(* Let $\Omega$ be a commutative adic $\mathbb{Z}_\ell$-algebra, $\mathbb{F}$ a finite field, $k$ an integer prime to $\ell$, and $\gamma$ the image of the geometric Frobenius $\mathrm{Frob}_{\mathbb{F}}$ in $\Gamma_{k\ell^\infty}$. Let $P=\{f(T)\in\Omega[T]:f(0)\in\Omega^\times\}$ and $S=\{f\in\Omega[[\Gamma_{k\ell^\infty}]]:$ the image of $f$ in $\Omega/\mathrm{Jac}(\Omega)[[\Gamma_{k\ell^\infty}]]$ is a nonzerodivisor$\}$. Then the ring homomorphism $\Omega[T]\to\Omega[[\Gamma_{k\ell^\infty}]]$, $T\mapsto\gamma^{-1}$, maps $P$ into $S$.
   Context: Adic ring $\Omega$: $\mathrm{Jac}(\Omega)^n$ has finite index for all $n\ge1$ and $\Omega=\varprojlim\Omega/\mathrm{Jac}(\Omega)^n$. With $q=|\mathbb{F}|$, $\Gamma_{k\ell^\infty}=\mathrm{Gal}(\bigcup_n\mathbb{F}_{q^{k\ell^n}}/\mathbb{F})\cong\mathbb{Z}/k\times\mathbb{Z}_\ell$; $\mathrm{Frob}_{\mathbb{F}}$ is the automorphism $x\mapsto x^{1/q}$. $\Omega[[\Gamma]]=\varprojlim_{J,U}\Omega/J[\Gamma/U]$. *)

theory Defs
  imports "HOL-Computational_Algebra.Polynomial" "HOL-Computational_Algebra.Primes"
begin

definition is_ideal :: "'a::comm_ring_1 set \<Rightarrow> bool" where
  "is_ideal I \<longleftrightarrow> 0 \<in> I \<and> (\<forall>x\<in>I. \<forall>y\<in>I. x + y \<in> I) \<and> (\<forall>r. \<forall>x\<in>I. r * x \<in> I)"

definition maximal_ideal :: "'a::comm_ring_1 set \<Rightarrow> bool" where
  "maximal_ideal I \<longleftrightarrow> is_ideal I \<and> 1 \<notin> I \<and>
     (\<forall>J. is_ideal J \<and> I \<subseteq> J \<longrightarrow> J = I \<or> 1 \<in> J)"

definition jac :: "'a::comm_ring_1 set" where
  "jac = \<Inter>{I. maximal_ideal I}"

definition ideal_gen :: "'a::comm_ring_1 set \<Rightarrow> 'a set" where
  "ideal_gen X = \<Inter>{I. is_ideal I \<and> X \<subseteq> I}"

====

Your goal.
Looking over the entries above, how many lines contain the string "mapsto"? State the number and nothing else.

Exercise response.
2